Dressed in a red fur-trimmed robe, crown, and nightshirt Henry has the appearance of a majesty rudely awakened. He reveals he’s been dead for 460 years and is – like Vladimir and Estragon – still waiting for God. The performance is very much a confessional, not only to an absent God, but to the audience as well. We are the jury, there to pass the judgment of an missing deity.
 
Gurney-Randall’s Henry interacts with the audience, asks them questions, gets them to help with props and deftly fields their enthusiastic shout outs. There’s the potential for this show to get quite riotous with a familiar crowd.
 
This Henry is a capricious king, laughing and joking about friends and past loves one minute, then raging at perceived injustices the next.
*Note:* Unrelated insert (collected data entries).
(* Let $E,F,H$ be normed spaces over $\mathbb K$ with $H$ spherically complete. Let $f\colon E\to F$ be an immediate linear isometry and $g\colon E\to H$ a linear isometry. Then there exists a linear isometry $h\colon F\to H$ with $h\circ f=g$.
   Context: $\mathbb K$: nontrivially normed field with ultrametric absolute value; normed space over $\mathbb K$: normed vector space with $\|x+y\|\le\max(\|x\|,\|y\|)$. For $x\in F$ and a subspace $V$, $x\perp_m V$ means $\|x\|=\inf_{v\in V}\|x-v\|$. A linear isometry $f\colon E\to F$ is immediate if the only $v\in F$ with $v\perp_m \operatorname{Im}(f)$ is $v=0$. Spherically complete: every decreasing sequence of closed balls (radii $\ge0$) has nonempty intersection. *)

theory Defs
  imports Complex_Main
begin

definition nontriv_ultra_abs :: "('k::field \<Rightarrow> real) \<Rightarrow> bool" where
  "nontriv_ultra_abs av \<longleftrightarrow>
     (\<forall>a. 0 \<le> av a) \<and> (\<forall>a. av a = 0 \<longleftrightarrow> a = 0) \<and>
     (\<forall>a b. av (a * b) = av a * av b) \<and>
     (\<forall>a b. av (a + b) \<le> max (av a) (av b)) \<and>
     (\<exists>a. av a \<noteq> 0 \<and> av a \<noteq> 1)"

definition ultra_normed_space ::
  "('k::field \<Rightarrow> real) \<Rightarrow> ('k \<Rightarrow> 'v::ab_group_add \<Rightarrow> 'v) \<Rightarrow> ('v \<Rightarrow> real) \<Rightarrow> bool" where
  "ultra_normed_space av sc nm \<longleftrightarrow>
     vector_space sc \<and>
     (\<forall>x. 0 \<le> nm x) \<and> (\<forall>x. nm x = 0 \<longleftrightarrow> x = 0) \<and>
     (\<forall>c x. nm (sc c x) = av c * nm x) \<and>
     (\<forall>x y. nm (x + y) \<le> max (nm x) (nm y))"

definition linear_isometry ::
  "('k::field \<Rightarrow> 'a::ab_group_add \<Rightarrow> 'a) \<Rightarrow> ('a \<Rightarrow> real) \<Rightarrow>
   ('k \<Rightarrow> 'b::ab_group_add \<Rightarrow> 'b) \<Rightarrow> ('b \<Rightarrow> real) \<Rightarrow> ('a \<Rightarrow> 'b) \<Rightarrow> bool" where
  "linear_isometry sa na sb nb f \<longleftrightarrow>
     Vector_Spaces.linear sa sb f \<and> (\<forall>x. nb (f x) = na x)"

definition perp_m :: "('v::ab_group_add \<Rightarrow> real) \<Rightarrow> 'v \<Rightarrow> 'v set \<Rightarrow> bool" where
  "perp_m nm x V \<longleftrightarrow> nm x = (INF v\<in>V. nm (x - v))"

definition immediate ::
  "('k::field \<Rightarrow> 'a::ab_group_add \<Rightarrow> 'a) \<Rightarrow> ('a \<Rightarrow> real) \<Rightarrow>
   ('k \<Rightarrow> 'b::ab_group_add \<Rightarrow> 'b) \<Rightarrow> ('b \<Rightarrow> real) \<Rightarrow> ('a \<Rightarrow> 'b) \<Rightarrow> bool" where
  "immediate sa na sb nb f \<longleftrightarrow>
     linear_isometry sa na sb nb f \<and> (\<forall>v. perp_m nb v (range f) \<longrightarrow> v = 0)"

definition cball_n :: "('v::ab_group_add \<Rightarrow> real) \<Rightarrow> 'v \<Rightarrow> real \<Rightarrow> 'v set" where
  "cball_n nm c r = {y. nm (y - c) \<le> r}"

definition spherically_complete :: "('v::ab_group_add \<Rightarrow> real) \<Rightarrow> bool" where
  "spherically_complete nm \<longleftrightarrow>
     (\<forall>(c::nat \<Rightarrow> 'v) (r::nat \<Rightarrow> real).
        (\<forall>n. 0 \<le> r n) \<and> (\<forall>n. cball_n nm (c (Suc n)) (r (Suc n)) \<subseteq> cball_n nm (c n) (r n))
        \<longrightarrow> (\<Inter>n. cball_n nm (c n) (r n)) \<noteq> {})"

end

theory Submission
  imports Defs
begin

text \<open>By Zorn's lemma there is a maximal partial linear isometry F \<rightharpoonup> H extending g along f.
  If its domain missed some x, then immediacy of f shows that the distance from x to the domain is
  never attained (x - a is never orthogonal to the image of f). Spherical completeness of H then
  yields a point y at distance \<parallel>x - a\<parallel> from the image of every a in the domain, and x \<mapsto> y
  extends the isometry linearly, contradicting maximality.\<close>

lemma nontriv_ultra_abs_minus_one:
  assumes "nontriv_ultra_abs av"
  shows "av (-1) = 1"
proof -
  have nonneg: "0 \<le> av a" and zero_iff: "av a = 0 \<longleftrightarrow> a = 0"
    and mult: "av (a * b) = av a * av b" for a b
    using assms unfolding nontriv_ultra_abs_def by auto
  have "av 1 = 1"
    using mult[of 1 1] zero_iff[of 1] by simp
  then have "av (-1) * av (-1) = 1"
    using mult[of "-1" "-1"] by simp
  then show ?thesis
    using nonneg[of "-1"] square_eq_1_iff[of "av (-1)"] by auto
qed

locale ultra_normed =
  fixes av :: "'k::field \<Rightarrow> real" and sc :: "'k \<Rightarrow> 'v::ab_group_add \<Rightarrow> 'v" and nm :: "'v \<Rightarrow> real"
  assumes abs_value: "nontriv_ultra_abs av" and normed: "ultra_normed_space av sc nm"
begin

lemma vector_space: "vector_space sc"
  using normed unfolding ultra_normed_space_def by blast

sublocale vector_space sc
  by (rule vector_space)

lemma norm_ge_zero: "0 \<le> nm x"
  and norm_eq_zero_iff: "nm x = 0 \<longleftrightarrow> x = 0"
  and norm_scale: "nm (sc c x) = av c * nm x"
  and norm_add_le_max: "nm (x + y) \<le> max (nm x) (nm y)"
  using normed unfolding ultra_normed_space_def by auto

lemma norm_minus: "nm (- x) = nm x"
  using norm_scale[of "-1" x] nontriv_ultra_abs_minus_one[OF abs_value] by simp

lemma norm_minus_commute: "nm (x - y) = nm (y - x)"
  using norm_minus[of "x - y"] by simp

lemma norm_diff_le_max: "nm (x - y) \<le> max (nm x) (nm y)"
  using norm_add_le_max[of x "- y"] norm_minus[of y] by simp

lemma norm_diff_triangle_max: "nm (x - z) \<le> max (nm (x - y)) (nm (y - z))"
  using norm_add_le_max[of "x - y" "y - z"] by simp

lemma norm_diff_eq_of_less:
  assumes "nm u < nm v"
  shows "nm (v - u) = nm v"
proof -
  have "nm v \<le> max (nm (v - u)) (nm u)"
    using norm_add_le_max[of "v - u" u] by simp
  moreover have "nm (v - u) \<le> nm v"
    using norm_diff_le_max[of v u] assms by linarith
  ultimately show ?thesis
    using assms by linarith
qed

end

lemma coinitial_sequence_without_minimum:
  fixes r :: "'a \<Rightarrow> real"
  assumes "S \<noteq> {}" and bdd: "bdd_below (r ` S)"
    and no_min: "\<And>p. p \<in> S \<Longrightarrow> \<exists>q\<in>S. r q < r p"
  obtains s where "\<And>n. s n \<in> S" and "\<And>n. r (s (Suc n)) \<le> r (s n)"
    and "\<And>p. p \<in> S \<Longrightarrow> \<exists>n. r (s n) < r p"
proof -
  define \<rho> where "\<rho> = Inf (r ` S)"
  have above_inf: "\<rho> < r p" if "p \<in> S" for p
    using no_min[OF that] cInf_lower[OF _ bdd] unfolding \<rho>_def by (meson imageI le_less_trans)
  have approx: "\<exists>q\<in>S. r q < t" if "\<rho> < t" for t
    using that cInf_less_iff[of "r ` S"] assms(1) bdd unfolding \<rho>_def by auto
  define P where "P n q \<longleftrightarrow> q \<in> S \<and> r q < \<rho> + 1 / real (Suc n)" for n q
  have "\<exists>s. \<forall>n. P n (s n) \<and> r (s (Suc n)) \<le> r (s n)"
  proof (rule dependent_nat_choice)
    show "\<exists>q. P 0 q"
      using approx[of "\<rho> + 1"] unfolding P_def by auto
  next
    fix q n
    assume "P n q"
    then have "\<rho> < min (r q) (\<rho> + 1 / real (Suc (Suc n)))"
      using above_inf unfolding P_def by simp
    then obtain q' where "q' \<in> S" "r q' < min (r q) (\<rho> + 1 / real (Suc (Suc n)))"
      using approx by blast
    then show "\<exists>q'. P (Suc n) q' \<and> r q' \<le> r q"
      unfolding P_def by auto
  qed
  then obtain s where s: "\<And>n. P n (s n)" and dec: "\<And>n. r (s (Suc n)) \<le> r (s n)"
    by blast
  have "\<exists>n. r (s n) < r p" if p: "p \<in> S" for p
  proof -
    obtain n where "inverse (real (Suc n)) < r p - \<rho>"
      using reals_Archimedean[of "r p - \<rho>"] above_inf[OF p] by auto
    then have "r (s n) < r p"
      using s[of n] unfolding P_def by (auto simp: inverse_eq_divide)
    then show ?thesis ..
  qed
  with s dec that show ?thesis
    unfolding P_def by blast
qed

locale ultra_normed_pair = F: ultra_normed av sF nF + H: ultra_normed av sH nH
  for av :: "'k::field \<Rightarrow> real"
    and sF :: "'k \<Rightarrow> 'f::ab_group_add \<Rightarrow> 'f" and nF :: "'f \<Rightarrow> real"
    and sH :: "'k \<Rightarrow> 'h::ab_group_add \<Rightarrow> 'h" and nH :: "'h \<Rightarrow> real"
begin

text \<open>Along a minimising sequence the balls around the images, with the distances to x as radii,
  are nested; as the distance is never attained, every point of their intersection is at exactly
  the right distance from every image.\<close>
lemma isometric_point_extension:
  assumes complete: "spherically_complete nH" and "S \<noteq> {}"
    and iso: "\<And>a b a' b'. (a, b) \<in> S \<Longrightarrow> (a', b') \<in> S \<Longrightarrow> nH (b - b') = nF (a - a')"
    and no_min: "\<And>p. p \<in> S \<Longrightarrow> \<exists>q\<in>S. nF (x - fst q) < nF (x - fst p)"
  obtains y where "\<And>a b. (a, b) \<in> S \<Longrightarrow> nH (y - b) = nF (x - a)"
proof -
  define r where "r p = nF (x - fst p)" for p :: "'f \<times> 'h"
  have "bdd_below (r ` S)"
    unfolding r_def by (rule bdd_belowI2) (rule F.norm_ge_zero)
  then obtain s where sS: "\<And>n. s n \<in> S" and dec: "\<And>n. r (s (Suc n)) \<le> r (s n)"
    and coinitial: "\<And>p. p \<in> S \<Longrightarrow> \<exists>n. r (s n) < r p"
    using coinitial_sequence_without_minimum[of S r] \<open>S \<noteq> {}\<close> no_min unfolding r_def by blast
  have image_dist: "nH (snd q - snd p) = nF ((x - fst p) - (x - fst q))" if "p \<in> S" "q \<in> S" for p q
    using iso[of "fst q" "snd q" "fst p" "snd p"] that by (simp add: algebra_simps)
  define c where "c n = snd (s n)" for n
  have "(\<Inter>n. cball_n nH (c n) (r (s n))) \<noteq> {}"
  proof (rule complete[unfolded spherically_complete_def, rule_format, of "\<lambda>n. r (s n)" c],
      intro conjI allI subsetI)
    show "0 \<le> r (s n)" for n
      unfolding r_def by (rule F.norm_ge_zero)
  next
    fix n z
    assume "z \<in> cball_n nH (c (Suc n)) (r (s (Suc n)))"
    then have "nH (z - c (Suc n)) \<le> r (s n)"
      using dec[of n] unfolding cball_n_def by simp
    moreover have "nH (c (Suc n) - c n) \<le> r (s n)"
    proof -
      have "nH (c (Suc n) - c n) = nF ((x - fst (s n)) - (x - fst (s (Suc n))))"
        using image_dist[OF sS[of n] sS[of "Suc n"]] unfolding c_def .
      also have "\<dots> \<le> r (s n)"
        using F.norm_diff_le_max[of "x - fst (s n)" "x - fst (s (Suc n))"] dec[of n]
        unfolding r_def by (simp add: max_def)
      finally show ?thesis .
    qed
    ultimately show "z \<in> cball_n nH (c n) (r (s n))"
      using H.norm_diff_triangle_max[of z "c n" "c (Suc n)"] unfolding cball_n_def by simp
  qed
  then obtain y where y: "\<And>n. nH (y - c n) \<le> r (s n)"
    unfolding cball_n_def by blast
  have "nH (y - b) = nF (x - a)" if ab: "(a, b) \<in> S" for a b
  proof -
    obtain n where n: "r (s n) < r (a, b)"
      using coinitial[OF ab] by blast
    have center: "nH (c n - b) = r (a, b)"
    proof -
      have "nH (c n - b) = nF ((x - a) - (x - fst (s n)))"
        using image_dist[OF ab sS] unfolding c_def by simp
      also have "\<dots> = nF (x - a)"
        using n unfolding r_def by (intro F.norm_diff_eq_of_less) simp
      finally show ?thesis
        unfolding r_def by simp
    qed
    have "nH (c n - y) < nH (c n - b)"
      using y[of n] n center H.norm_minus_commute[of y] by simp
    then have "nH ((c n - b) - (c n - y)) = nH (c n - b)"
      by (rule H.norm_diff_eq_of_less)
    then show ?thesis
      using center unfolding r_def by simp
  qed
  with that show ?thesis by blast
qed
He allegedly signed 80,000 death warrants “Well, I didn’t sign them all, that would’ve taken forever, and not good for the aching hand.”
 
Gurney-Randall convincingly portrays the pain and physical suffering that wracked the monarch’s massive frame, from a destroyed liver to the permanently ulcerous leg caused by a jousting injury. He’s also a man plagued with self-doubts, countered by an unerring sense of self-importance – full of bravado and bluster.
 
The clever circular conceit of Henry being forced perform the show for eternity made the audience feel part of some larger dynamic, with the king merely passing through.
 
Plagued the “black imp” in the corner, director Tony Haase, controlled Henry’s torment with a light touch, giving Gurney-Randall the space to perform and react to the various sounds and voices in the either.
 
Gurney-Randall and Pete Howells’ script is witty, incisive with plenty of anti-French jokes about syphilitic kings. It’s also crammed full of a dizzying array of facts and figures, correcting common misconceptions and destroying perceived truths.
 
While the show covers all the obvious stories about his six wives, Wolsey, Cromwell, and his lesser known bastard children, you come away from the show feeling like you know the ruler a bit more. A bit deeper than just historical fact-checking. And while he’s a flawed man, perhaps he doesn’t quite deserve to spend eternity justifying himself before an audience. But fortunately for us, it looks like he may well end up doing that for at least several years to come.